WHAT IS BEAUTIFUL?
An exhibition by the Deutsche Hygiene Museum in collaboration with klotz | müller-toovey GbR, Berlin, and Wilfried Rogasch
Supported by: DKV Deutsche Krankenversicherung AG
Media partner: Deutschlandradio Kultur
Beauty has become an omnipresent element of our lifestyle today – whether as a beguiling promise or as an unattainable dream. Until well into the twentieth century, art experts still believed that beauty could be defined using a system of aesthetic categories. Nowadays, though, beauty has dissolved into a colourful and contradictory diversity of collective concepts and individual expectations and practices. This diagnosis stands in contrast to the widely held view that the power of the mass media dictates a binding ideal of beauty. The exhibition, indeed, comes to quite a different conclusion: most people today experience beauty in their own lives as difference and plurality.
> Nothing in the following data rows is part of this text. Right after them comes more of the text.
text \<open>
  With \<open>g = ln C_BS - ln c\<close> one has \<open>g' = 1 / C_V\<close>, so a Newton step is
  \<open>y + (ln c - ln C_BS y) C_V y\<close>, which is \<open>newton_map\<close> once \<open>ln C_V\<close> is expanded.
  Writing the Mills ratio \<open>R = \<Phi> / \<phi>\<close>, the identity \<open>e\<^sup>k \<phi>(d\<^sub>2) = \<phi>(d\<^sub>1)\<close> gives
  \<open>C_V = R(d\<^sub>1) - R(d\<^sub>2)\<close>; with \<open>R' = 1 + t R\<close> and the Gordon-type bound
  \<open>1 + t R(t) < 1 / (1 + t\<^sup>2)\<close> for \<open>t < 0\<close> this shows that \<open>C_V\<close> is nondecreasing when
  \<open>k \<ge> 0\<close>, i.e. \<open>g\<close> is increasing and concave. Newton's method for such a function,
  started left of the root, moves right without overshooting; the iterates thus
  increase to a fixed point of \<open>newton_map\<close>, which can only be the root \<open>\<sigma>\<close>.
\<close>

lemma iterates_tendsto_unique_fixpoint:
  fixes N :: "real \<Rightarrow> real" and a b x :: real
  assumes x: "a < x" "x \<le> b"
    and step: "\<And>y. a < y \<Longrightarrow> y \<le> b \<Longrightarrow> y \<le> N y \<and> N y \<le> b"
    and cont: "\<And>y. a < y \<Longrightarrow> y \<le> b \<Longrightarrow> isCont N y"
    and fixpoint: "\<And>y. a < y \<Longrightarrow> y \<le> b \<Longrightarrow> N y = y \<Longrightarrow> y = b"
  shows "incseq (\<lambda>n. (N ^^ n) x) \<and> (\<forall>n. (N ^^ n) x \<le> b) \<and> (\<lambda>n. (N ^^ n) x) \<longlonglongrightarrow> b"
proof -
  define s where "s n = (N ^^ n) x" for n
  have s_Suc: "s (Suc n) = N (s n)" for n
    by (simp add: s_def)
  have bounds: "a < s n \<and> s n \<le> b" for n
  proof (induction n)
    case 0
    then show ?case using x by (simp add: s_def)
  next
    case (Suc n)
    then show ?case using step[of "s n"] by (auto simp: s_Suc)
  qed
  have inc: "incseq s"
    using step bounds by (intro incseq_SucI) (simp add: s_Suc)
  obtain L where L: "s \<longlonglongrightarrow> L" "\<And>n. s n \<le> L"
    using incseq_convergent[OF inc, of b] bounds by blast
  have "a < L"
    using bounds[of 0] L(2)[of 0] by linarith
  moreover have "L \<le> b"
    using L(1) bounds by (intro LIMSEQ_le_const2) auto
  ultimately have L_range: "a < L" "L \<le> b" .
  have "(\<lambda>n. s (Suc n)) \<longlonglongrightarrow> N L"
    unfolding s_Suc by (rule isCont_tendsto_compose[OF cont[OF L_range] L(1)])
  then have "N L = L"
    using LIMSEQ_Suc[OF L(1)] by (rule LIMSEQ_unique)
  then have "L = b"
    using fixpoint L_range by blast
  then show ?thesis
    using inc bounds L(1) by (simp add: s_def[abs_def])
qed

lemma newton_step_concave_below_root:
  fixes f f' :: "real \<Rightarrow> real" and y r :: real
  assumes "y \<le> r" "f r = 0"
    and deriv: "\<And>t. y \<le> t \<Longrightarrow> t \<le> r \<Longrightarrow> (f has_real_derivative f' t) (at t)"
    and pos: "\<And>t. y \<le> t \<Longrightarrow> t \<le> r \<Longrightarrow> 0 < f' t"
    and antimono: "\<And>t. y \<le> t \<Longrightarrow> t \<le> r \<Longrightarrow> f' t \<le> f' y"
  shows "y \<le> y - f y / f' y" "y - f y / f' y \<le> r"
proof -
  have f'y: "0 < f' y"
    using pos assms(1) by simp
  have "f y \<le> f r"
    by (rule DERIV_nonneg_imp_nondecreasing[OF assms(1)])
       (use deriv pos less_imp_le in blast)
  then show "y \<le> y - f y / f' y"
    using f'y assms(2) by (simp add: divide_nonpos_pos)
  define P where "P t = f t - t * f' y" for t
  have "P r \<le> P y"
  proof (rule DERIV_nonpos_imp_nonincreasing[OF assms(1)])
    fix t assume t: "y \<le> t" "t \<le> r"
    have "(P has_real_derivative f' t - f' y) (at t)"
      unfolding P_def[abs_def] using deriv[OF t]
      by (auto intro!: derivative_eq_intros)
    then show "\<exists>d. DERIV P t :> d \<and> d \<le> 0"
      using antimono[OF t] by auto
  qed
  then have "(y - r) * f' y \<le> f y"
    using assms(2) by (simp add: P_def algebra_simps)
  then have "y - r \<le> f y / f' y"
    by (simp add: pos_le_divide_eq[OF f'y])
  then show "y - f y / f' y \<le> r"
    by simp
qed

lemma npdf_eq_std_normal_density: "npdf = std_normal_density"
  by (rule ext) (simp add: npdf_def normal_density_def)

lemma npdf_pos: "npdf x > 0"
  by (simp add: npdf_def)

lemma npdf_has_real_derivative: "(npdf has_real_derivative (- x * npdf x)) (at x)"
  unfolding npdf_def
  by (auto intro!: derivative_eq_intros simp: power2_eq_square field_simps)

lemma continuous_on_npdf: "continuous_on S npdf"
  unfolding npdf_def by (intro continuous_intros) auto

lemma set_integrable_npdf: "A \<in> sets borel \<Longrightarrow> set_integrable lborel A npdf"
  unfolding set_integrable_def npdf_eq_std_normal_density
  by (intro integrable_mult_indicator) auto

lemma ncdf_split:
  assumes "a \<le> x"
  shows "ncdf x = (LBINT t:{..<a}. npdf t) + integral {a..x} npdf"
proof -
  have "{..x} = {..<a} \<union> {a..x}"
    using assms by auto
  then have "ncdf x = (LBINT t:{..<a}. npdf t) + (LBINT t:{a..x}. npdf t)"
    unfolding ncdf_def
    by (simp only:) (rule set_integral_Un, auto simp: set_integrable_npdf)
  also have "(LBINT t:{a..x}. npdf t) = integral {a..x} npdf"
    by (rule set_borel_integral_eq_integral(2)) (simp add: set_integrable_npdf)
  finally show ?thesis .
qed
lemma card_superset_eq_sum_card_fibres:
  fixes \<tau> :: "'v::finite \<Rightarrow> 'a set"
  assumes "finite D" and "\<And>v. \<tau> v \<subseteq> D"
  shows "card {v. J \<subseteq> \<tau> v} = (\<Sum>K\<in>{K. J \<subseteq> K \<and> K \<subseteq> D}. card {v. \<tau> v = K})"
proof -
  have fibres: "{v. J \<subseteq> \<tau> v} = (\<Union>K\<in>{K. J \<subseteq> K \<and> K \<subseteq> D}. {v. \<tau> v = K})"
    using assms by auto
  have "finite {K. J \<subseteq> K \<and> K \<subseteq> D}"
    using \<open>finite D\<close> by (auto intro: finite_subset[of _ "Pow D"])
  then show ?thesis
    unfolding fibres by (rule card_UN_disjoint) auto
qed

lemma card_fibres_eq_if_card_superset_eq:
  fixes \<tau>1 :: "'v1::finite \<Rightarrow> 'a set" and \<tau>2 :: "'v2::finite \<Rightarrow> 'a set"
  assumes "finite D" and sub1: "\<And>v. \<tau>1 v \<subseteq> D" and sub2: "\<And>v. \<tau>2 v \<subseteq> D"
    and superset_eq: "\<And>J. J \<subseteq> D \<Longrightarrow> card {v. J \<subseteq> \<tau>1 v} = card {v. J \<subseteq> \<tau>2 v}"
  shows "card {v. \<tau>1 v = J} = card {v. \<tau>2 v = J}"
proof (cases "J \<subseteq> D")
  case False
  then have "{v. \<tau>1 v = J} = {}" and "{v. \<tau>2 v = J} = {}"
    using sub1 sub2 by auto
  then show ?thesis by simp
next
  case True
  text \<open>Downward induction on \<open>J\<close>: the superset count of \<open>J\<close> is its fibre count plus the
    fibre counts of its strict supersets.\<close>
  then show ?thesis
  proof (induction "card D - card J" arbitrary: J rule: less_induct)
    case less
    define KK where "KK = {K. J \<subset> K \<and> K \<subseteq> D}"
    have supersets: "{K. J \<subseteq> K \<and> K \<subseteq> D} = insert J KK" "J \<notin> KK"
      using less.prems unfolding KK_def by auto
    have "finite KK"
      using \<open>finite D\<close> unfolding KK_def by (auto intro: finite_subset[of _ "Pow D"])
    have "card {v. \<tau>1 v = K} = card {v. \<tau>2 v = K}" if "K \<in> KK" for K
    proof (rule less.hyps)
      have "J \<subset> K" and K: "K \<subseteq> D" using that unfolding KK_def by auto
      then have "card J < card K" and "card K \<le> card D"
        using \<open>finite D\<close> by (auto intro: psubset_card_mono card_mono finite_subset)
      then show "card D - card K < card D - card J" by linarith
      show "K \<subseteq> D" by (fact K)
    qed
    then have "(\<Sum>K\<in>KK. card {v. \<tau>1 v = K}) = (\<Sum>K\<in>KK. card {v. \<tau>2 v = K})"
      by (rule sum.cong[OF refl])
    moreover have "card {v. J \<subseteq> \<tau>1 v} = card {v. J \<subseteq> \<tau>2 v}"
      using superset_eq[OF less.prems] .
    ultimately show ?case
      using \<open>finite KK\<close> supersets
      unfolding card_superset_eq_sum_card_fibres[OF \<open>finite D\<close> sub1]
        card_superset_eq_sum_card_fibres[OF \<open>finite D\<close> sub2]
      by simp
  qed
qed
(* Assume the Framework (the Purification Postulate is not needed). Let $\rho_1,\rho_2,\rho_3\in\mathfrak S_1(\mathrm A)$ with $\rho_1\ne\rho_3$ and $\rho_2=p\rho_1+(1-p)\rho_3$ for some $0<p<1$, and let $\Psi_i\in\mathfrak S_1(\mathrm A\mathrm B)$ be a purification of $\rho_i$ for $i=1,2,3$ (i.e. $\Psi_i$ pure with $(\mathcal I_{\mathrm A}\otimes e_{\mathrm B})\Psi_i=\rho_i$). Then for no finite $N\ge1$ is there a transformation $\mathcal C\in\mathfrak T(\mathrm A^{\otimes N},\mathrm A\mathrm B)$ such that $\mathcal C(\rho_i^{\otimes N})=\Psi_i$ for all $i=1,2,3$.
   Context: Framework. We work in an operational-probabilistic theory: there is a collection of systems $\mathrm A,\mathrm B,\dots$, closed under a composition $\mathrm A\mathrm B$ (associative, symmetric up to a reversible swap, with a trivial system $\mathrm I$ satisfying $\mathrm A\mathrm I=\mathrm A$); for each pair of systems a set $\mathfrak T(\mathrm A,\mathrm B)$ of transformations; a test from $\mathrm A$ to $\mathrm B$ is a finite collection $\{\mathcal C_i\}_{i\in X}\subseteq\mathfrak T(\mathrm A,\mathrm B)$, and every transformation belongs to some test. Tests are closed under sequential composition, parallel composition ($\otimes$), coarse-graining (summing outcomes over the blocks of a partition of $X$) and conditioning (choosing the next test depending on the outcome of the previous one). States of $\mathrm A$ are the elements of $\mathfrak S(\mathrm A):=\mathfrak T(\mathrm I,\mathrm A)$, effects are the elements of $\mathfrak T(\mathrm A,\mathrm I)$, and transformations $\mathrm I\to\mathrm I$ are probabilities in $[0,1]$ (those of a test sum to $1$; composition is multiplication). An effect $a$ and a state $\rho$ give the probability $(a|\rho)$. States (effects) are identified when they give equal probabilities on all effects (states); transformations $\mathcal C,\mathcal C'$ are identified when $\mathcal C\otimes\mathcal I_{\mathrm S}$ and $\mathcal C'\otimes\mathcal I_{\mathrm S}$ act identically on all states of $\mathrm A\mathrm S$ for every system $\mathrm S$. States span a finite-dimensional real vector space $\mathfrak S_{\mathbb R}(\mathrm A)$, transformations act linearly, and $\mathfrak T_{\mathbb R}(\mathrm A,\mathrm B)$ is the real span of $\mathfrak T(\mathrm A,\mathrm B)$. Standing assumptions: (i) causality: each system $\mathrm A$ has a unique deterministic effect $e_{\mathrm A}$ (the effect forming a one-outcome observation test), and $e_{\mathrm A\mathrm B}=e_{\mathrm A}\otimes e_{\mathrm B}$; (ii) local discriminability: if two states of $\mathrm A\mathrm B$ differ, some product effect $a\otimes b$ gives them different probabilities; (iii) all sets of states are closed, the theory is not deterministic (hence all sets of states, effects and transformations are convex), and perfectly distinguishable states exist. A state $\rho$ is normalized if $(e|\rho)=1$; $\mathfrak S_1(\mathrm A)$ is the set of normalized states. A channel is a $\mathcal C\in\mathfrak T(\mathrm A,\mathrm B)$ with $e_{\mathrm B}\circ\mathcal C=e_{\mathrm A}$. A channel $\mathcal U\in\mathfrak T(\mathrm A,\mathrm B)$ is reversible if some channel $\mathcal W\in\mathfrak T(\mathrm B,\mathrm A)$ satisfies $\mathcal W\mathcal U=\mathcal I_{\mathrm A}$, $\mathcal U\mathcal W=\mathcal I_{\mathrm B}$; $\mathbf G_{\mathrm A}$ is the group of reversible channels on $\mathrm A$. The marginal of a state $\sigma$ of $\mathrm A\mathrm B$ on $\mathrm A$ is $(\mathcal I_{\mathrm A}\otimes e_{\mathrm B})\sigma$. Refinement. For $\mathcal C\in\mathfrak T(\mathrm A,\mathrm B)$, write $\mathcal D\prec\mathcal C$ if there are a test $\{\mathcal D_j\}_{j\in Y}$ and $Y_0\subseteq Y$ with $\mathcal C=\sum_{j\in Y_0}\mathcal D_j$ and $\mathcal D\in\{\mathcal D_j\}_{j\in Y_0}$; the refinement set is $D_{\mathcal C}=\{\mathcal D:\mathcal D\prec\mathcal C\}$. $\mathcal C$ is atomic if $\mathcal D\prec\mathcal C$ implies $\mathcal D=\lambda\mathcal C$ for some $\lambda\in[0,1]$. A pure state is an atomic state; a state is mixed otherwise. *)

theory Defs
  imports Complex_Main
begin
The exhibition, titled "What is beautiful?", presents a critical survey of the contemporary discourse on beauty. Traditional cultural and societal topics are finely interwoven with scientific questions and with current expectations of beauty. Visitors gain insights into the topics that shape people's relationship to beauty today: Can traditional aesthetic concepts still claim to have any validity at all? What is the influence of fashion or the media, for example, on aesthetic preferences? What part do evolutionary determinants play in our aesthetic judgements? What images of ourselves take effect when the body becomes increasingly subject to body technologies? How and why is beauty also a deciding factor in social success? Can new branches of research, such as neurology and psychology, provide fresh answers and provide us with an objective, quasi-scientific description of beauty?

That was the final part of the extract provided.